**AIM OF THE EXERCISE**. Beginning at the line with "interpret G: real_distribution", output each line to the end of the listing below exactly, please.
:: DATA LISTING ::
lemma le_measure_Iio_at_cdf_gap_zero:
  assumes F: "is_cdf01 F" "continuous_on {0..1} F" "F 0 = 0" and G: "G \<in> MPC F"
    and z: "z \<in> {0..1}" "cdf_gap F G z = 0"
  shows "F z \<le> measure (interval_measure G) {..<z}"
proof (cases "z = 0")
  case True
  then show ?thesis using F(3) by simp
next
  case False
  then have "\<forall>\<^sub>F x in at_left z. F x \<le> measure (interval_measure G) {..<z}"
    using z cdf_le_measure_Iio_below_cdf_gap_zero[OF F(1) G z]
    by (intro eventually_mono[OF eventually_at_left_real[of 0 z]]) auto
  moreover have "(F \<longlongrightarrow> F z) (at z within {0..z})"
    using continuous_on_subset[OF F(2), of "{0..z}"] z by (simp add: continuous_on_def)
  then have "(F \<longlongrightarrow> F z) (at_left z)"
    using at_within_Icc_at_left[of 0 z] z False by simp
  ultimately show ?thesis
    by (intro tendsto_upperbound[of F "F z" "at_left z"]) simp_all
qed

lemma
  assumes F: "is_cdf01 F" "continuous_on {0..1} F" "F 0 = 0" and G: "G \<in> MPC F"
    and z: "z \<in> {0..1}" "cdf_gap F G z = 0"
  shows measure_Iic_eq_if_cdf_gap_zero: "measure (interval_measure G) {..z} = F z"
    and measure_Iio_eq_if_cdf_gap_zero: "measure (interval_measure G) {..<z} = F z"
proof -
  interpret real_distribution "interval_measure G" by (rule real_distribution_cdf01[OF MPC_cdf[OF G]])
  have "prob {..<z} \<le> prob {..z}"
    by (rule finite_measure_mono) auto
  then show "prob {..z} = F z" "prob {..<z} = F z"
    using cdf_le_at_cdf_gap_zero[OF F(1,2) G z] le_measure_Iio_at_cdf_gap_zero[OF F G z]
      measure_cdf01_Iic[OF MPC_cdf[OF G], of z] by linarith+
qed

lemma down_closed_eq_Iic_or_Iio:
  fixes S :: "real set"
  assumes down: "\<And>x y. y \<in> S \<Longrightarrow> x \<le> y \<Longrightarrow> x \<in> S" and "S \<noteq> {}" "bdd_above S"
  shows "S = {..Sup S} \<or> S = {..<Sup S}"
proof -
  have "x \<in> S" if "x < Sup S" for x
    using that less_cSup_iff[OF assms(2,3)] down by (auto intro: less_imp_le)
  moreover have "x \<le> Sup S" if "x \<in> S" for x
    using that cSup_upper[OF _ assms(3)] by blast
  ultimately show ?thesis
    by (cases "Sup S \<in> S") (auto intro: down simp: less_le)
qed

lemma cdf_gap_zero_if_strict_increase_across:
  assumes F: "is_cdf01 F" and G: "G \<in> MPC F" and z: "z \<in> {0..1}"
    and gap_zero: "\<And>a b. 0 \<le> a \<Longrightarrow> a < b \<Longrightarrow> b \<le> 1 \<Longrightarrow> \<phi> a < \<phi> b \<Longrightarrow> \<exists>c\<in>{a..b}. cdf_gap F G c = 0"
    and across: "\<And>a b. 0 \<le> a \<Longrightarrow> a < z \<Longrightarrow> z < b \<Longrightarrow> b \<le> 1 \<Longrightarrow> \<phi> a < \<phi> b"
  shows "cdf_gap F G z = 0"
proof (rule ccontr)
  assume nonzero: "cdf_gap F G z \<noteq> 0"
  note G_cdf = MPC_cdf[OF G] and gap_nonneg = MPC_cdf_gap_nonneg[OF G]
    and gap_1 = MPC_cdf_gap_1[OF G]
  have pos: "0 < cdf_gap F G z" and "0 < z" "z < 1"
    using nonzero gap_nonneg[OF z] gap_1 z by (auto simp: less_le)
  obtain d where "d > 0"
    and near: "\<And>x. x \<in> {0..1} \<Longrightarrow> dist x z < d \<Longrightarrow> dist (cdf_gap F G x) (cdf_gap F G z) < cdf_gap F G z"
    using continuous_on_iff[THEN iffD1, OF continuous_on_cdf_gap[OF F G_cdf], rule_format, OF z pos]
    by blast
  define a where "a = max 0 (z - d / 2)"
  define b where "b = min 1 (z + d / 2)"
  have ab: "0 \<le> a" "a < z" "z < b" "b \<le> 1"
    using \<open>0 < z\<close> \<open>z < 1\<close> \<open>d > 0\<close> unfolding a_def b_def by auto
  then obtain c where c: "c \<in> {a..b}" "cdf_gap F G c = 0"
    using gap_zero[of a b] across[of a b] by auto
  then have "c \<in> {0..1}" "dist c z < d"
    using ab \<open>d > 0\<close> unfolding a_def b_def by (auto simp: dist_real_def)
  from near[OF this] c(2) show False
    by (simp add: dist_real_def)
qed

lemma sublevel_extend01_cases:
  assumes \<phi>: "mono_on {0..1} \<phi>" and y: "\<phi> 0 \<le> y" "y < \<phi> 1"
  obtains z where "z \<in> {0..1}"
    and "{w. extend01 \<phi> w \<le> y} = {..z} \<or> {w. extend01 \<phi> w \<le> y} = {..<z}"
    and "\<And>a b. 0 \<le> a \<Longrightarrow> a < z \<Longrightarrow> z < b \<Longrightarrow> b \<le> 1 \<Longrightarrow> \<phi> a < \<phi> b"
proof -
  define S where "S = {w. extend01 \<phi> w \<le> y}"
  have down: "x \<in> S" if "v \<in> S" "x \<le> v" for x v
    using that monoD[OF mono_extend01[OF \<phi>]] unfolding S_def by (auto intro: order_trans)
  have "0 \<in> S"
    using y unfolding S_def by simp
  have below_1: "x < 1" if "x \<in> S" for x
  proof (rule ccontr)
    assume "\<not> x < 1"
    then have "1 \<in> S" using down[OF that] by simp
    with y show False unfolding S_def by simp
  qed
  then have "bdd_above S"
    by (intro bdd_aboveI[of _ 1]) (auto intro: less_imp_le)
  define z where "z = Sup S"
  have z: "z \<in> {0..1}"
    using cSup_upper[OF \<open>0 \<in> S\<close> \<open>bdd_above S\<close>] cSup_least[of S 1] \<open>0 \<in> S\<close> below_1
    unfolding z_def by (auto intro: less_imp_le)
  have S_cases: "S = {..z} \<or> S = {..<z}"
    unfolding z_def using down \<open>0 \<in> S\<close> \<open>bdd_above S\<close> by (intro down_closed_eq_Iic_or_Iio) auto
  have "\<phi> a < \<phi> b" if ab: "0 \<le> a" "a < z" "z < b" "b \<le> 1" for a b
  proof -
    have "a \<in> S" "b \<notin> S"
      using S_cases ab by auto
    then show ?thesis
      using ab z unfolding S_def by auto
  qed
  with z S_cases show ?thesis
    unfolding S_def by (intro that) auto
qed

lemma measure_sublevel_eq_if_increases_at_cdf_gap_zeros:
  assumes F: "is_cdf01 F" "continuous_on {0..1} F" "F 0 = 0" and G: "G \<in> MPC F"
    and \<phi>: "mono_on {0..1} \<phi>"
    and gap_zero: "\<And>a b. 0 \<le> a \<Longrightarrow> a < b \<Longrightarrow> b \<le> 1 \<Longrightarrow> \<phi> a < \<phi> b \<Longrightarrow> \<exists>c\<in>{a..b}. cdf_gap F G c = 0"
  shows "measure (interval_measure G) {w. extend01 \<phi> w \<le> y}
       = measure (interval_measure F) {w. extend01 \<phi> w \<le> y}"
proof -
  interpret G: real_distribution "interval_measure G" by (rule real_distribution_cdf01[OF MPC_cdf[OF G]])
  interpret F: real_distribution "interval_measure F" by (rule real_distribution_cdf01[OF F(1)])
  consider "y < \<phi> 0" | "\<phi> 1 \<le> y" | "\<phi> 0 \<le> y" "y < \<phi> 1"
    by linarith
  then show ?thesis
  proof cases
    case 1
    then have "{w. extend01 \<phi> w \<le> y} = {}"
      using extend01_bounds[OF \<phi>] by (auto simp: not_le intro: less_le_trans)
    then show ?thesis by simp
  next
    case 2
    then have "{w. extend01 \<phi> w \<le> y} = UNIV"
      using extend01_bounds[OF \<phi>] by (auto intro: order_trans)
    then show ?thesis
      using F.prob_space G.prob_space by simp
  next
    case 3
    show ?thesis
    proof (rule sublevel_extend01_cases[OF \<phi> 3])
      fix z assume z: "z \<in> {0..1}"
        and S_cases: "{w. extend01 \<phi> w \<le> y} = {..z} \<or> {w. extend01 \<phi> w \<le> y} = {..<z}"
        and across: "\<And>a b. 0 \<le> a \<Longrightarrow> a < z \<Longrightarrow> z < b \<Longrightarrow> b \<le> 1 \<Longrightarrow> \<phi> a < \<phi> b"
      have "measure (interval_measure H) {w. extend01 \<phi> w \<le> y} = F z"
        if "H \<in> MPC F" "cdf_gap F H z = 0" for H
        using S_cases measure_Iic_eq_if_cdf_gap_zero[OF F that(1) z that(2)]
          measure_Iio_eq_if_cdf_gap_zero[OF F that(1) z that(2)] by (elim disjE) simp_all
      moreover have "cdf_gap F G z = 0"
        by (rule cdf_gap_zero_if_strict_increase_across[OF F(1) G z gap_zero across])
      moreover have "cdf_gap F F z = 0"
        by (simp add: cdf_gap_def)
      ultimately show ?thesis
        using G self_in_MPC[OF F(1)] by simp
    qed
  qed
qed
:::
**EXERCISE OUTPUT**.
  interpret G: real_distribution "interval_measure G" by (rule real_distribution_cdf01[OF MPC_cdf[OF G]])
  interpret F: real_distribution "interval_measure F" by (rule real_distribution_cdf01[OF F(1)])
  consider "y < \<phi> 0" | "\<phi> 1 \<le> y" | "\<phi> 0 \<le> y" "y < \<phi> 1"
    by linarith
  then show ?thesis
  proof cases
    case 1
    then have "{w. extend01 \<phi> w \<le> y} = {}"
      using extend01_bounds[OF \<phi>] by (auto simp: not_le intro: less_le_trans)
    then show ?thesis by simp
  next
    case 2
    then have "{w. extend01 \<phi> w \<le> y} = UNIV"
      using extend01_bounds[OF \<phi>] by (auto intro: order_trans)
    then show ?thesis
      using F.prob_space G.prob_space by simp
  next
    case 3
    show ?thesis
    proof (rule sublevel_extend01_cases[OF \<phi> 3])
      fix z assume z: "z \<in> {0..1}"
        and S_cases: "{w. extend01 \<phi> w \<le> y} = {..z} \<or> {w. extend01 \<phi> w \<le> y} = {..<z}"
        and across: "\<And>a b. 0 \<le> a \<Longrightarrow> a < z \<Longrightarrow> z < b \<Longrightarrow> b \<le> 1 \<Longrightarrow> \<phi> a < \<phi> b"
      have "measure (interval_measure H) {w. extend01 \<phi> w \<le> y} = F z"
        if "H \<in> MPC F" "cdf_gap F H z = 0" for H
        using S_cases measure_Iic_eq_if_cdf_gap_zero[OF F that(1) z that(2)]
          measure_Iio_eq_if_cdf_gap_zero[OF F that(1) z that(2)] by (elim disjE) simp_all
      moreover have "cdf_gap F G z = 0"
        by (rule cdf_gap_zero_if_strict_increase_across[OF F(1) G z gap_zero across])
      moreover have "cdf_gap F F z = 0"
        by (simp add: cdf_gap_def)
      ultimately show ?thesis
        using G self_in_MPC[OF F(1)] by simp
    qed
  qed
qed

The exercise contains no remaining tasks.